Bankruptcy is defined as a variety of acts that are associated with bankruptcy or insolvency laws. Failure to pay results when a reference entity fails to make one or more required payments when due. When a reference entity breaches a covenant, it has defaulted on its obligation.
When a default occurs, the obligation becomes due and payable prior to the scheduled due date had the reference entity not defaulted. This is referred to as an obligation acceleration. A reference entity may disaffirm or challenge the validity of its obligation. This is a credit event that is covered by repudiation/moratorium.
The most controversial credit event that may be included in a credit default product is restructuring of an obligation. A restructuring occurs when the terms of the obligation are altered so as to make the new terms less attractive to the debt holder than the original terms. The terms that can be changed would typically include, but are not limited to, one or more of the following: (1) a reduction in the interest rate, (2) a reduction in the principal, (3) a rescheduling of the principal repayment schedule (e.g., lengthening the maturity of the obligation) or postponement of an interest payment, or (4) a change in the level of seniority of the obligation in the reference entity’s debt structure.

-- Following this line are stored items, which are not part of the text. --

(* For $n\in\mathbb{N}$ let $(U_k^{(n)})_{k\in\mathbb{N}}$ be independent random variables uniformly distributed on $\{1,\dots,n\}$. Assume $m_n\to\infty$ and $m_n=o(n)$ as $n\to\infty$. Then $${\rm Var}\Bigl(\sum_{m_n<p\le n,\ p\ \text{prime}}\log p\Bigl(\sum_{k=1}^{m_n}\mathbbm{1}_{\{\lambda_p(U_k^{(n)})\ge1\}}-\mathbbm{1}_{\{\max_{1\le k\le m_n}\lambda_p(U_k^{(n)})\ge1\}}\Bigr)\Bigr)=O(m_n\log m_n),\qquad n\to\infty.$$
   Context: For a prime $p$ and $k\in\mathbb{N}$, $\lambda_p(k)$ is the exponent of $p$ in the prime factorization of $k$. *)

theory Defs
  imports "HOL-Probability.Probability" "HOL-Library.Landau_Symbols"
    "HOL-Computational_Algebra.Primes"
begin

definition lam :: "nat \<Rightarrow> nat \<Rightarrow> nat" where
  "lam p k = multiplicity p k"

text \<open>Joint law of m independent random variables U_1,...,U_m, each uniform on
  {1..n}: the uniform distribution on the functions {1..m} \<rightarrow> {1..n}.\<close>
definition unif_tuples :: "nat \<Rightarrow> nat \<Rightarrow> (nat \<Rightarrow> nat) pmf" where
  "unif_tuples n m = pmf_of_set (PiE {1..m} (\<lambda>_. {1..n}))"

definition S :: "nat \<Rightarrow> nat \<Rightarrow> (nat \<Rightarrow> nat) \<Rightarrow> real" where
  "S n m U = (\<Sum>p\<in>{p. prime p \<and> m < p \<and> p \<le> n}.
      ln (real p) * ((\<Sum>k=1..m. if lam p (U k) \<ge> 1 then 1 else 0)
        - (if Max ((\<lambda>k. lam p (U k)) ` {1..m}) \<ge> 1 then 1 else 0)))"

end

theory Submission
  imports Defs
begin

text \<open>
  For a prime p > m the summand of S counts the coordinates divisible by p beyond the first.
  Hence replacing U_k by y changes S by at most D_k(U) + D_k(U[k := y]), where the collision
  weight D_k(U) is the sum over j \<noteq> k of the total weight ln p of the primes p > m dividing
  both U_k and U_j. The Efron--Stein inequality then bounds the variance by
  4m E[D_k^2] \<le> 4m (m E[e(U_1,U_2)^2] + m^2 E[e(U_1,U_2) e(U_1,U_3)]), e the pairwise weight.
  Since p divides U with probability at most 1/p and pq divides U with probability at most
  1/(pq), both moments are controlled by the tails of the sums of (ln p)^2/p^2 and ln p/p^2 over
  primes p > m, which are O(ln m / m) and O(1/m) by a dyadic decomposition and Chebyshev's bound
  on the sum of ln p over k < p \<le> 2k (these primes divide the central binomial coefficient).
\<close>

section \<open>Averages over finite sets\<close>

definition avg :: "'a set \<Rightarrow> ('a \<Rightarrow> real) \<Rightarrow> real" where
  "avg A f = sum f A / real (card A)"

definition avg_var :: "'a set \<Rightarrow> ('a \<Rightarrow> real) \<Rightarrow> real" where
  "avg_var A f = avg A (\<lambda>x. (f x - avg A f)\<^sup>2)"

lemma avg_add: "avg A (\<lambda>x. f x + g x) = avg A f + avg A g"
  unfolding avg_def by (simp add: sum.distrib add_divide_distrib)

lemma avg_diff: "avg A (\<lambda>x. f x - g x) = avg A f - avg A g"
  unfolding avg_def by (simp add: sum_subtractf diff_divide_distrib)

lemma avg_cmult: "avg A (\<lambda>x. c * f x) = c * avg A f"
  unfolding avg_def by (simp add: sum_distrib_left)

lemma avg_multc: "avg A (\<lambda>x. f x * c) = avg A f * c"
  unfolding avg_def by (simp add: sum_distrib_right)

lemma avg_const: "finite A \<Longrightarrow> A \<noteq> {} \<Longrightarrow> avg A (\<lambda>_. c) = c"
  unfolding avg_def by simp

lemma avg_cong: "(\<And>x. x \<in> A \<Longrightarrow> f x = g x) \<Longrightarrow> avg A f = avg A g"
  unfolding avg_def by (metis sum.cong)

lemma avg_mono: "(\<And>x. x \<in> A \<Longrightarrow> f x \<le> g x) \<Longrightarrow> avg A f \<le> avg A g"
  unfolding avg_def by (intro divide_right_mono sum_mono) auto

lemma avg_nonneg: "(\<And>x. x \<in> A \<Longrightarrow> 0 \<le> f x) \<Longrightarrow> 0 \<le> avg A f"
  unfolding avg_def by (intro divide_nonneg_nonneg sum_nonneg) auto

lemma avg_sum: "avg A (\<lambda>x. \<Sum>i\<in>I. f i x) = (\<Sum>i\<in>I. avg A (f i))"
  unfolding avg_def by (simp add: sum.swap[of _ I A] sum_divide_distrib)

lemma avg_swap: "avg A (\<lambda>x. avg B (\<lambda>y. f x y)) = avg B (\<lambda>y. avg A (\<lambda>x. f x y))"
  unfolding avg_def by (simp add: sum.swap[of _ A B] sum_divide_distrib[symmetric])

lemma avg_var_nonneg: "0 \<le> avg_var A f"
  unfolding avg_var_def by (rule avg_nonneg) simp

lemma avg_var_eq:
  assumes "finite A" "A \<noteq> {}"
  shows "avg_var A f = avg A (\<lambda>x. (f x)\<^sup>2) - (avg A f)\<^sup>2"
proof -
  have "avg_var A f = avg A (\<lambda>x. (f x)\<^sup>2 - (2 * avg A f) * f x + (avg A f)\<^sup>2)"
    unfolding avg_var_def by (rule avg_cong) (simp add: power2_eq_square algebra_simps)
  also have "\<dots> = avg A (\<lambda>x. (f x)\<^sup>2) - (avg A f)\<^sup>2"
    using assms by (simp add: avg_add avg_diff avg_cmult avg_const power2_eq_square)
  finally show ?thesis .
qed

lemma sq_avg_le_avg_sq:
  assumes "finite A" "A \<noteq> {}"
  shows "(avg A f)\<^sup>2 \<le> avg A (\<lambda>x. (f x)\<^sup>2)"
  using avg_var_nonneg[of A f] avg_var_eq[OF assms, of f] by simp

lemma avg_var_le_avg_sq_diff:
  assumes "finite A" "A \<noteq> {}"
  shows "avg_var A f \<le> avg A (\<lambda>y. avg A (\<lambda>z. (f y - f z)\<^sup>2))"
proof -
  have inner: "avg A (\<lambda>z. (f y - f z)\<^sup>2) = (f y)\<^sup>2 - 2 * f y * avg A f + avg A (\<lambda>z. (f z)\<^sup>2)"
    for y
  proof -
    have "avg A (\<lambda>z. (f y - f z)\<^sup>2) = avg A (\<lambda>z. (f y)\<^sup>2 - (2 * f y) * f z + (f z)\<^sup>2)"
      by (rule avg_cong) (simp add: power2_eq_square algebra_simps)
    then show ?thesis using assms by (simp add: avg_add avg_diff avg_cmult avg_const)
  qed
  have "avg A (\<lambda>y. avg A (\<lambda>z. (f y - f z)\<^sup>2)) = 2 * avg_var A f"
    unfolding inner using assms
    by (simp add: avg_var_eq avg_add avg_diff avg_cmult avg_multc avg_const power2_eq_square)
  then show ?thesis using avg_var_nonneg[of A f] by simp
qed

section \<open>Averages over finite product sets\<close>

lemma sum_PiE_insert:
  assumes "i \<notin> I"
  shows "(\<Sum>x\<in>PiE (insert i I) T. f x) = (\<Sum>y\<in>T i. \<Sum>g\<in>PiE I T. f (g(i:=y)))"
  using assms
  by (simp add: PiE_insert_eq sum.reindex inj_combinator sum.cartesian_product prod.case_distrib)

lemma avg_PiE_insert:
  assumes "i \<notin> I" "finite I"
  shows "avg (PiE (insert i I) (\<lambda>_. A)) f = avg A (\<lambda>y. avg (PiE I (\<lambda>_. A)) (\<lambda>g. f (g(i:=y))))"
  using assms
  by (simp add: avg_def sum_PiE_insert card_PiE sum_divide_distrib[symmetric])

lemma avg_PiE_resample:
  assumes "k \<in> I" "finite I" "finite A" "A \<noteq> {}"
  shows "avg (PiE I (\<lambda>_. A)) (\<lambda>x. avg A (\<lambda>y. H (x(k:=y)))) = avg (PiE I (\<lambda>_. A)) H"
proof -
  have I: "I = insert k (I - {k})" using assms by auto
  have "avg (PiE I (\<lambda>_. A)) (\<lambda>x. avg A (\<lambda>y. H (x(k:=y))))
      = avg A (\<lambda>z. avg (PiE (I-{k}) (\<lambda>_. A)) (\<lambda>g. avg A (\<lambda>y. H (g(k:=y)))))"
    using assms by (subst I, subst avg_PiE_insert) simp_all
  also have "\<dots> = avg A (\<lambda>y. avg (PiE (I-{k}) (\<lambda>_. A)) (\<lambda>g. H (g(k:=y))))"
    using assms by (simp add: avg_const avg_swap[of "PiE (I-{k}) (\<lambda>_. A)" A])
  also have "\<dots> = avg (PiE I (\<lambda>_. A)) H"
    using assms by (subst (2) I, subst avg_PiE_insert) simp_all
  finally show ?thesis .
qed

lemma avg_PiE_coord:
  assumes "k \<in> I" "finite I" "finite A" "A \<noteq> {}"
  shows "avg (PiE I (\<lambda>_. A)) (\<lambda>x. h (x k)) = avg A h"
  using avg_PiE_resample[OF assms, of "\<lambda>x. h (x k)"] assms
  by (simp add: avg_const finite_PiE PiE_eq_empty_iff)

lemma avg_PiE_coord2:
  assumes "k \<in> I" "j \<in> I" "k \<noteq> j" "finite I" "finite A" "A \<noteq> {}"
  shows "avg (PiE I (\<lambda>_. A)) (\<lambda>x. h (x k) (x j)) = avg A (\<lambda>a. avg A (\<lambda>b. h a b))"
  using avg_PiE_resample[OF assms(1,4-6), of "\<lambda>x. h (x k) (x j)"] assms
  by (simp add: avg_swap[of "PiE I (\<lambda>_. A)" A] avg_PiE_coord)

lemma avg_PiE_coord3:
  assumes "k \<in> I" "j \<in> I" "l \<in> I" "k \<noteq> j" "k \<noteq> l" "j \<noteq> l" "finite I" "finite A" "A \<noteq> {}"
  shows "avg (PiE I (\<lambda>_. A)) (\<lambda>x. h (x k) (x j) (x l))
       = avg A (\<lambda>a. avg A (\<lambda>b. avg A (\<lambda>c. h a b c)))"
  using avg_PiE_resample[OF assms(1,7-9), of "\<lambda>x. h (x k) (x j) (x l)"] assms
  by (simp add: avg_swap[of "PiE I (\<lambda>_. A)" A] avg_PiE_coord2)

The reason why restructuring is so controversial is a protection buyer benefits from the inclusion of restructuring as a credit event and feels that eliminating restructuring as a credit event will erode its credit protection. The protection seller, in contrast, would prefer not to include restructuring since even routine modifications of obligations that occur in lending arrangements would trigger a payout to the protection buyer. Moreover, if the reference obligation is a loan and the protection buyer is the lender, there is a dual benefit for the protection buyer to restructure a loan. The first benefit is that the protection buyer receives a payment from the protection seller. Second, the accommodating restructuring fosters a relationship between the lender (who is the protection buyer) and its customer (the corporate entity that is the obligor of the reference obligation).

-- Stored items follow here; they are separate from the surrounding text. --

lemma heis_eq_context:
  assumes "u \<doteq> v"
  shows "p @ u @ q \<doteq> p @ v @ q"
  using assms
proof (induction arbitrary: p q rule: heis_eq.induct)
  case (cancel u a v)
  show ?case using heis_eq.cancel[of M N L "p @ u" a "v @ q"] by simp
next
  case (relator r u v)
  show ?case using heis_eq.relator[OF relator, of "p @ u" "v @ q"] by simp
qed (blast intro: heis_eq.intros)+

lemma heis_eq_append: "u \<doteq> u' \<Longrightarrow> v \<doteq> v' \<Longrightarrow> u @ v \<doteq> u' @ v'"
  using heis_eq_context[of u u' "[]" v] heis_eq_context[of v v' u' "[]"]
  by (auto intro: heis_eq.trans)

lemma heis_eq_relator_Nil: "r \<in> heis_relators M N L \<Longrightarrow> r \<doteq> []"
  using heis_eq.relator[of r M N L "[]" "[]"] by simp

lemma heis_eq_cancel_Cons: "a # inv_letter a # v \<doteq> v"
  using heis_eq.cancel[of M N L "[]" a v] by simp

lemma append_inv_word: "w @ inv_word w \<doteq> []"
proof (induction w)
  case Nil
  show ?case by (simp add: inv_word_def heis_eq.refl)
next
  case (Cons a w)
  have "(a # w) @ inv_word (a # w) = [a] @ (w @ inv_word w) @ [inv_letter a]"
    by (simp add: inv_word_def)
  also have "\<dots> \<doteq> [a] @ [] @ [inv_letter a]"
    using Cons by (rule heis_eq_context)
  also have "\<dots> \<doteq> []"
    using heis_eq_cancel_Cons[of a "[]"] by simp
  finally show ?case .
qed

lemma inv_word_append: "inv_word w @ w \<doteq> []"
  using append_inv_word[of "inv_word w"] by simp

lemma commute_if_commutator_equiv_Nil:
  assumes "a @ b @ inv_word a @ inv_word b \<doteq> []"
  shows "b @ a \<doteq> a @ b"
proof -
  have "b @ a \<doteq> (a @ b @ inv_word a @ inv_word b) @ b @ a"
    using heis_eq_append[OF heis_eq.sym[OF assms] heis_eq.refl] by simp
  also have "\<dots> = (a @ b @ inv_word a) @ (inv_word b @ b) @ a"
    by simp
  also have "\<dots> \<doteq> (a @ b @ inv_word a) @ [] @ a"
    using inv_word_append by (rule heis_eq_context)
  also have "\<dots> = (a @ b) @ (inv_word a @ a) @ []"
    by simp
  also have "\<dots> \<doteq> (a @ b) @ [] @ []"
    using inv_word_append by (rule heis_eq_context)
  finally show ?thesis by simp
qed

lemma wpow_commute:
  assumes "a @ b \<doteq> b @ a"
  shows "wpow a m @ b \<doteq> b @ wpow a m"
proof (induction m)
  case 0
  show ?case by (simp add: heis_eq.refl)
next
  case (Suc m)
  have "wpow a (Suc m) @ b = a @ (wpow a m @ b)"
    by (simp add: wpow_Suc)
  also have "\<dots> \<doteq> a @ (b @ wpow a m)"
    using heis_eq.refl Suc by (rule heis_eq_append)
  also have "\<dots> = (a @ b) @ wpow a m"
    by simp
  also have "\<dots> \<doteq> (b @ a) @ wpow a m"
    using assms heis_eq.refl by (rule heis_eq_append)
  finally show ?case by (simp add: wpow_Suc)
qed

Because of this problem, the Restructuring Supplement to the 1999 ISDA Credit Derivatives Definitions (the “Supplement Definition”) issued in April 2001 provided a modified definition for restructuring. There is a provision for the limitation on reference obligations in connection with restructuring of loans made by the protection buyer to the borrower that is the obligor of the reference obligation. This provision requires the following in order to qualify for a restructuring: (1) there must be four or more holders of the reference obligation and (2) there must be a consent to the restructuring of the reference obligation by a supermajority (66 2/3%). In addition, the supplement limits the maturity of reference obligations that are physically deliverable when restructuring results in a payout triggered by the protection buyer.
As the credit derivatives market developed, market participants learned a great deal about how to better define credit events, particularly with the record level of high- yield corporate bond default rates in 2002, and the sovereign defaults, particularly the experience with the 2001-2002 Argentina debt crisis. In January 2003, the ISDA published its revised credit events definitions in the 2003 ISDA Credit Derivative Definitions (referred to as the “2003 Definitions“).The revised definitions reflected amendments to several of the definitions for credit events set forth in the 1999 Definitions. Specifically, there were amendments for bankruptcy, repudiation, and restructuring.

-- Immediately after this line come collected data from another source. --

lemma cond_law_nn_integral:
  assumes cl: "cond_law N X Y K" and X: "X \<in> N \<rightarrow>\<^sub>M borel" and Y: "Y \<in> N \<rightarrow>\<^sub>M borel"
    and \<psi>: "\<psi> \<in> borel_measurable borel"
  shows "(\<integral>\<^sup>+\<omega>. \<psi> (Y \<omega>) \<partial>N) = (\<integral>\<^sup>+\<omega>. (\<integral>\<^sup>+y. \<psi> y \<partial>K (X \<omega>)) \<partial>N)"
proof -
  have K: "K \<in> distr N borel X \<rightarrow>\<^sub>M subprob_algebra borel"
    using cond_law_subprob_kernel[OF cl] by simp
  have "distr N borel Y = distr N borel X \<bind> K"
  proof (rule measure_eqI)
    show "sets (distr N borel Y) = sets (distr N borel X \<bind> K)"
      using K by (subst sets_bind) (auto dest: subprob_measurableD(2))
    fix B assume "B \<in> sets (distr N borel Y)"
    then have B: "B \<in> sets borel" by simp
    have "emeasure (distr N borel Y) B = emeasure N {\<omega> \<in> space N. X \<omega> \<in> UNIV \<and> Y \<omega> \<in> B}"
      using Y B by (simp add: emeasure_distr vimage_def Int_def conj_commute)
    also have "\<dots> = (\<integral>\<^sup>+\<omega>. emeasure (K (X \<omega>)) B \<partial>N)"
      using cond_law_emeasure[OF cl _ B, where A=UNIV] by simp
    also have "\<dots> = emeasure (distr N borel X \<bind> K) B"
      using K B X measurable_emeasure_subprob_algebra[OF B] cond_law_subprob_kernel[OF cl]
      by (simp add: emeasure_bind nn_integral_distr)
    finally show "emeasure (distr N borel Y) B = emeasure (distr N borel X \<bind> K) B" .
  qed
  then have "(\<integral>\<^sup>+y. \<psi> y \<partial>distr N borel Y) = (\<integral>\<^sup>+x. (\<integral>\<^sup>+y. \<psi> y \<partial>K x) \<partial>distr N borel X)"
    using \<psi> K by (simp add: nn_integral_bind)
  then show ?thesis
    using X Y \<psi> cond_law_subprob_kernel[OF cl]
    by (simp add: nn_integral_distr nn_integral_measurable_subprob_algebra)
qed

The major change was to restructuring, whereby the ISDA allows parties to a given trade to select from among the following four definitions: (1) no restructuring; (2) “full” or *old” restructuring, which is based on the 1998 Definitions; (3) “modified restructuring,” which is based on the Supplement Definition; and (4) “modified modified restructuring.” The last choice is new and was included to address issues that arose in the European market.
The ISDA’s confirmation form for credit derivative transactions, “Exhibit A to 2003 ISDA Credit Derivatives Definitions,” sets forth the terms and conditions for the transaction. The definitions for a credit event are in check box format.